[Dataset entries]
====
(* Let $a\in\mathbb D$ and $0\le\gamma<2\pi$, and put $a'=|1+a|-1$ and $\gamma_a=\arg(1+\overline a)$. Let $f=h+\overline g\in\mathcal S(H^a_\gamma)$ and assume $g'(0)=a'e^{2i(\gamma+\gamma_a)}$. Then $a'\in(-1,1)$, $|g'(0)|<1$, and for all $z\in\mathbb D$ $$h(z)+e^{-2i(\gamma+\gamma_a)}g(z)=\frac{(1+a')z}{1-e^{i(\gamma+\gamma_a)}z}.$$
   Context: $\mathbb D$ is the open unit disk. A harmonic map $f$ on $\mathbb D$ is written canonically as $f=h+\overline g$ with $h,g$ analytic in $\mathbb D$ and $g(0)=0$. $\mathcal H$ is the set of such $f$ with $h(0)=g(0)=0$ and $h'(0)=1$. $f$ is sense-preserving if $|h'(z)|>|g'(z)|$ on $\mathbb D$. $\mathcal S_H$ is the set of sense-preserving univalent $f\in\mathcal H$. For $a\in\mathbb D$ and $0\le\gamma<2\pi$, $H^a_\gamma=\{w\in\mathbb C:\ \mathrm{Re}\big(\tfrac{e^{i\gamma}}{1+a}w\big)>-\tfrac12\}$ and $\mathcal S(H^a_\gamma)$ denotes the set of $f\in\mathcal S_H$ with $f(\mathbb D)=H^a_\gamma$ (slanted half-plane mappings). Here $\gamma_a=\arg(1+\overline a)$, so $1+a=|1+a|e^{-i\gamma_a}$. *)

theory Defs
  imports "HOL-Analysis.Analysis"
begin

definition harmonic_f :: "(complex \<Rightarrow> complex) \<Rightarrow> (complex \<Rightarrow> complex) \<Rightarrow> complex \<Rightarrow> complex" where
  "harmonic_f h g = (\<lambda>z. h z + cnj (g z))"

definition in_SH :: "(complex \<Rightarrow> complex) \<Rightarrow> (complex \<Rightarrow> complex) \<Rightarrow> bool" where
  "in_SH h g \<longleftrightarrow>
     h holomorphic_on ball 0 1 \<and> g holomorphic_on ball 0 1 \<and>
     h 0 = 0 \<and> g 0 = 0 \<and> deriv h 0 = 1 \<and>
     (\<forall>z\<in>ball 0 1. norm (deriv g z) < norm (deriv h z)) \<and>
     inj_on (harmonic_f h g) (ball 0 1)"

definition slanted_halfplane :: "complex \<Rightarrow> real \<Rightarrow> complex set" where
  "slanted_halfplane a \<gamma> = {w. Re (exp (\<i> * complex_of_real \<gamma>) / (1 + a) * w) > - 1 / 2}"

definition in_S_halfplane :: "complex \<Rightarrow> real \<Rightarrow> (complex \<Rightarrow> complex) \<Rightarrow> (complex \<Rightarrow> complex) \<Rightarrow> bool" where
  "in_S_halfplane a \<gamma> h g \<longleftrightarrow> in_SH h g \<and> harmonic_f h g ` ball 0 1 = slanted_halfplane a \<gamma>"

end

theory Submission
  imports Defs "HOL-Complex_Analysis.Complex_Analysis"
begin

text \<open>Write \<open>1 + a = c e\<^sup>-\<^sup>i\<^sup>t\<close> with \<open>c = |1 + a|\<close>, \<open>t = \<gamma>\<^sub>a\<close>, and put \<open>u = e\<^sup>i\<^sup>(\<^sup>\<gamma>\<^sup>+\<^sup>t\<^sup>)\<close>.
  As \<open>|u| = 1\<close>, \<open>Re (u conj g) = Re (u (conj u)\<^sup>2 g)\<close>, so \<open>f(\<bbbD>) \<subseteq> H\<^sup>a\<^sub>\<gamma>\<close> says that the analytic
  function \<open>G = u (h + (conj u)\<^sup>2 g) / c\<close> maps \<open>\<bbbD>\<close> into \<open>Re w > -1/2\<close>, and the hypothesis on
  \<open>g'(0)\<close> gives \<open>G(0) = 0\<close>, \<open>G'(0) = u\<close>. Then \<open>G / (1 + G)\<close> is a self-map of the disk fixing \<open>0\<close>
  with unimodular derivative there, hence the rotation \<open>z \<mapsto> u z\<close> by the Schwarz lemma;
  solving for \<open>G\<close> gives the formula.\<close>

lemma norm_one_plus_bounds:
  fixes a :: complex
  assumes "norm a < 1"
  shows "0 < norm (1 + a)" and "norm (1 + a) < 2"
proof -
  show "0 < norm (1 + a)"
    using assms norm_diff_ineq [of 1 a] unfolding norm_one by linarith
  show "norm (1 + a) < 2"
    using assms norm_triangle_ineq [of 1 a] by simp
qed

lemma polar_form_Arg_cnj:
  fixes w :: complex
  shows "w = complex_of_real (norm w) * exp (- (\<i> * complex_of_real (Arg (cnj w))))"
proof -
  have "cnj w = complex_of_real (norm w) * exp (\<i> * complex_of_real (Arg (cnj w)))"
    by (metis complex_mod_cnj rcis_cmod_Arg rcis_def cis_conv_exp)
  then have "w = cnj (complex_of_real (norm w) * exp (\<i> * complex_of_real (Arg (cnj w))))"
    by (metis complex_cnj_cnj)
  then show ?thesis
    by (simp add: exp_cnj)
qed

lemma halfplane_coefficient_polar:
  fixes a :: complex and \<gamma> :: real
  assumes "1 + a \<noteq> 0"
  shows "exp (\<i> * complex_of_real \<gamma>) / (1 + a)
           = exp (\<i> * complex_of_real (\<gamma> + Arg (1 + cnj a))) / complex_of_real (norm (1 + a))"
proof -
  have polar: "1 + a = complex_of_real (norm (1 + a)) * exp (- (\<i> * complex_of_real (Arg (1 + cnj a))))"
    by (metis complex_cnj_add complex_cnj_one polar_form_Arg_cnj)
  show ?thesis
    using assms by (subst polar) (simp add: exp_minus distrib_left exp_add field_simps)
qed

lemma Re_mult_cnj_unimodular:
  fixes u x y :: complex
  assumes "norm u = 1"
  shows "Re (u * (x + cnj y)) = Re (u * (x + cnj u ^ 2 * y))"
proof -
  have "cnj u * u = 1"
    by (metis assms complex_norm_square mult.commute of_real_1 power_one)
  then have "u * (cnj u ^ 2 * y) = cnj u * y"
    by (simp add: power2_eq_square algebra_simps)
  moreover have "Re (u * cnj y) = Re (cnj u * y)"
    by (metis complex_cnj_cnj complex_cnj_mult cnj.sel(1))
  ultimately show ?thesis
    by (simp only: distrib_left plus_complex.sel)
qed

lemma norm_div_one_plus_lt_one:
  fixes w :: complex
  assumes "Re w > -1/2"
  shows "norm (w / (1 + w)) < 1"
proof -
  have "(norm w)\<^sup>2 = (Re w)\<^sup>2 + (Im w)\<^sup>2" "(norm (1 + w))\<^sup>2 = (1 + Re w)\<^sup>2 + (Im w)\<^sup>2"
    by (simp_all add: cmod_power2)
  then have "(norm w)\<^sup>2 < (norm (1 + w))\<^sup>2"
    using assms by (simp add: power2_eq_square algebra_simps)
  then have "norm w < norm (1 + w)"
    by (meson norm_ge_zero power_less_imp_less_base)
  then show ?thesis
    by (simp add: norm_divide divide_less_eq)
qed

lemma halfplane_Schwarz_extremal:
  fixes G :: "complex \<Rightarrow> complex"
  assumes holG: "G holomorphic_on ball 0 1" and G0: "G 0 = 0"
    and ReG: "\<And>z. z \<in> ball 0 1 \<Longrightarrow> Re (G z) > -1/2"
    and dG: "(G has_field_derivative u) (at 0)" and nu: "norm u = 1"
    and z: "z \<in> ball 0 1"
  shows "G z = u * z / (1 - u * z)"
proof -
  have G1: "1 + G w \<noteq> 0" if "w \<in> ball 0 1" for w
  proof
    assume "1 + G w = 0"
    then have "G w = -1"
      by (simp add: add_eq_0_iff)
    with ReG [OF that] show False
      by simp
  qed
  define \<omega> where "\<omega> = (\<lambda>w. G w / (1 + G w))"
  have hol\<omega>: "\<omega> holomorphic_on ball 0 1"
    unfolding \<omega>_def by (intro holomorphic_intros holG) (use G1 in auto)
  have \<omega>0: "\<omega> 0 = 0"
    by (simp add: \<omega>_def G0)
  have n\<omega>: "norm (\<omega> w) < 1" if "norm w < 1" for w
    unfolding \<omega>_def using that by (intro norm_div_one_plus_lt_one ReG) simp
  have "(\<omega> has_field_derivative (u * (1 + G 0) - G 0 * u) / ((1 + G 0) * (1 + G 0))) (at 0)"
    unfolding \<omega>_def using G1 [of 0] by (auto intro!: derivative_eq_intros dG)
  then have d\<omega>: "(\<omega> has_field_derivative u) (at 0)"
    by (simp add: G0)
  then have "deriv \<omega> 0 = u"
    by (rule DERIV_imp_deriv)
  then obtain \<alpha> where \<alpha>: "\<And>w. norm w < 1 \<Longrightarrow> \<omega> w = \<alpha> * w"
    using Schwarz_Lemma(3) [OF hol\<omega> \<omega>0 n\<omega>, of 0] nu by auto
  have "((\<lambda>w. \<alpha> * w) has_field_derivative u) (at 0)"
    by (rule has_field_derivative_transform_within_open [OF d\<omega>, of "ball 0 1"]) (auto simp: \<alpha>)
  moreover have "((\<lambda>w. \<alpha> * w) has_field_derivative \<alpha>) (at 0)"
    by (auto intro!: derivative_eq_intros)
  ultimately have "\<alpha> = u"
    using DERIV_unique by blast
  then have "G z = u * z * (1 + G z)"
    using \<alpha> [of z] z G1 [OF z] by (simp add: \<omega>_def divide_eq_eq)
  then have "G z * (1 - u * z) = u * z"
    by (simp add: algebra_simps)
  moreover have "1 - u * z \<noteq> 0"
  proof
    assume "1 - u * z = 0"
    then have "norm (u * z) = 1"
      by (metis eq_iff_diff_eq_0 norm_one)
    with z nu show False
      by (simp add: norm_mult)
  qed
  ultimately show ?thesis
    by (simp add: eq_divide_eq)
qed

lemma harmonic_halfplane_extremal:
  fixes h g :: "complex \<Rightarrow> complex" and u :: complex and c :: real
  assumes holh: "h holomorphic_on ball 0 1" and holg: "g holomorphic_on ball 0 1"
    and h0: "h 0 = 0" and g0: "g 0 = 0" and dh0: "deriv h 0 = 1"
    and dg0: "deriv g 0 = complex_of_real (c - 1) * u ^ 2"
    and halfplane: "\<And>z. z \<in> ball 0 1 \<Longrightarrow> Re (u / complex_of_real c * (h z + cnj (g z))) > -1/2"
    and nu: "norm u = 1" and c_pos: "0 < c"
    and z: "z \<in> ball 0 1"
  shows "h z + cnj u ^ 2 * g z = complex_of_real c * z / (1 - u * z)"
proof -
  define G where "G w = u * (h w + cnj u ^ 2 * g w) / complex_of_real c" for w
  have "Re (G w) > -1/2" if w: "w \<in> ball 0 1" for w
  proof -
    have "-1/2 < Re (u / complex_of_real c * (h w + cnj (g w)))"
      using halfplane [OF w] .
    also have "\<dots> = Re (u * (h w + cnj (g w))) / c"
      by (simp only: times_divide_eq_left Re_divide_of_real)
    also have "\<dots> = Re (G w)"
      by (simp only: Re_mult_cnj_unimodular [OF nu] G_def Re_divide_of_real)
    finally show ?thesis .
  qed
  moreover have "G holomorphic_on ball 0 1"
    unfolding G_def by (intro holomorphic_intros holh holg) (use c_pos in auto)
  moreover have "G 0 = 0"
    by (simp add: G_def h0 g0)
  moreover have "(G has_field_derivative u) (at 0)"
  proof -
    have "(h has_field_derivative deriv h 0) (at 0)" "(g has_field_derivative deriv g 0) (at 0)"
      using holomorphic_derivI [OF holh] holomorphic_derivI [OF holg] by simp_all
    then have "(G has_field_derivative u * (deriv h 0 + cnj u ^ 2 * deriv g 0) / complex_of_real c) (at 0)"
      unfolding G_def using c_pos by (auto intro!: derivative_eq_intros)
    moreover have "cnj u ^ 2 * u ^ 2 = 1"
      by (metis nu complex_norm_square mult.commute of_real_1 power_one power_mult_distrib)
    then have "deriv h 0 + cnj u ^ 2 * deriv g 0 = complex_of_real c"
      by (simp add: dh0 dg0 mult.left_commute del: of_real_diff) simp
    ultimately show ?thesis
      using c_pos by simp
  qed
  ultimately have G_rotation: "G z = u * z / (1 - u * z)"
    using halfplane_Schwarz_extremal nu z by blast
  have "u \<noteq> 0"
    using nu by auto
  then have "h z + cnj u ^ 2 * g z = complex_of_real c * G z / u"
    using c_pos by (simp add: G_def)
  also have "\<dots> = complex_of_real c * z / (1 - u * z)"
    using G_rotation \<open>u \<noteq> 0\<close> by simp
  finally show ?thesis .
qed

theorem proposition1:
  fixes a :: complex and \<gamma> :: real and h g :: "complex \<Rightarrow> complex"
  assumes "a \<in> ball 0 1"
    and "0 \<le> \<gamma>" and "\<gamma> < 2 * pi"
    and "in_S_halfplane a \<gamma> h g"
    and "deriv g 0 = complex_of_real (norm (1 + a) - 1)
                     * exp (2 * \<i> * complex_of_real (\<gamma> + Arg (1 + cnj a)))"
  shows "norm (1 + a) - 1 \<in> {-1<..<1} \<and>
         norm (deriv g 0) < 1 \<and>
         (\<forall>z\<in>ball 0 1. h z + exp (- 2 * \<i> * complex_of_real (\<gamma> + Arg (1 + cnj a))) * g z
            = complex_of_real (1 + (norm (1 + a) - 1)) * z
              / (1 - exp (\<i> * complex_of_real (\<gamma> + Arg (1 + cnj a))) * z))"
proof -
  define c where "c = norm (1 + a)"
  define u where "u = exp (\<i> * complex_of_real (\<gamma> + Arg (1 + cnj a)))"
  have c_pos: "0 < c" and c_lt_2: "c < 2"
    using norm_one_plus_bounds assms(1) by (simp_all add: c_def)
  have nu: "norm u = 1"
    by (simp add: u_def norm_exp)
  have dg0: "deriv g 0 = complex_of_real (c - 1) * u ^ 2"
    by (simp add: assms(5) c_def u_def power2_eq_square mult.assoc flip: exp_add)
  then have "norm (deriv g 0) = \<bar>c - 1\<bar>"
    by (simp add: norm_mult norm_power nu del: of_real_diff)
  then have coefficient_bounds: "c - 1 \<in> {-1<..<1}" "norm (deriv g 0) < 1"
    using c_pos c_lt_2 by auto
  have image: "harmonic_f h g ` ball 0 1 = slanted_halfplane a \<gamma>" and "in_SH h g"
    using assms(4) by (auto simp: in_S_halfplane_def)
  have rotation: "exp (\<i> * complex_of_real \<gamma>) / (1 + a) = u / complex_of_real c"
    using halfplane_coefficient_polar c_pos by (auto simp: c_def u_def)
  have "Re (u / complex_of_real c * (h z + cnj (g z))) > -1/2" if "z \<in> ball 0 1" for z
  proof -
    have "harmonic_f h g z \<in> slanted_halfplane a \<gamma>"
      using image that by blast
    then show ?thesis
      unfolding slanted_halfplane_def harmonic_f_def rotation by simp
  qed
  then have "h z + cnj u ^ 2 * g z = complex_of_real c * z / (1 - u * z)" if "z \<in> ball 0 1" for z
    using harmonic_halfplane_extremal [OF _ _ _ _ _ dg0 _ nu c_pos that] \<open>in_SH h g\<close>
    by (auto simp: in_SH_def)
  moreover have "exp (- 2 * \<i> * complex_of_real (\<gamma> + Arg (1 + cnj a))) = cnj u ^ 2"
    by (simp add: u_def exp_cnj power2_eq_square mult.assoc flip: exp_add)
  ultimately show ?thesis
    using coefficient_bounds by (simp add: c_def u_def)
qed

end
====
WHAT IS BEING ASKED: Copy every line of the entries above in which "holh" occurs.

SOLVED PROBLEM:
  assumes holh: "h holomorphic_on ball 0 1" and holg: "g holomorphic_on ball 0 1"
    unfolding G_def by (intro holomorphic_intros holh holg) (use c_pos in auto)
      using holomorphic_derivI [OF holh] holomorphic_derivI [OF holg] by simp_all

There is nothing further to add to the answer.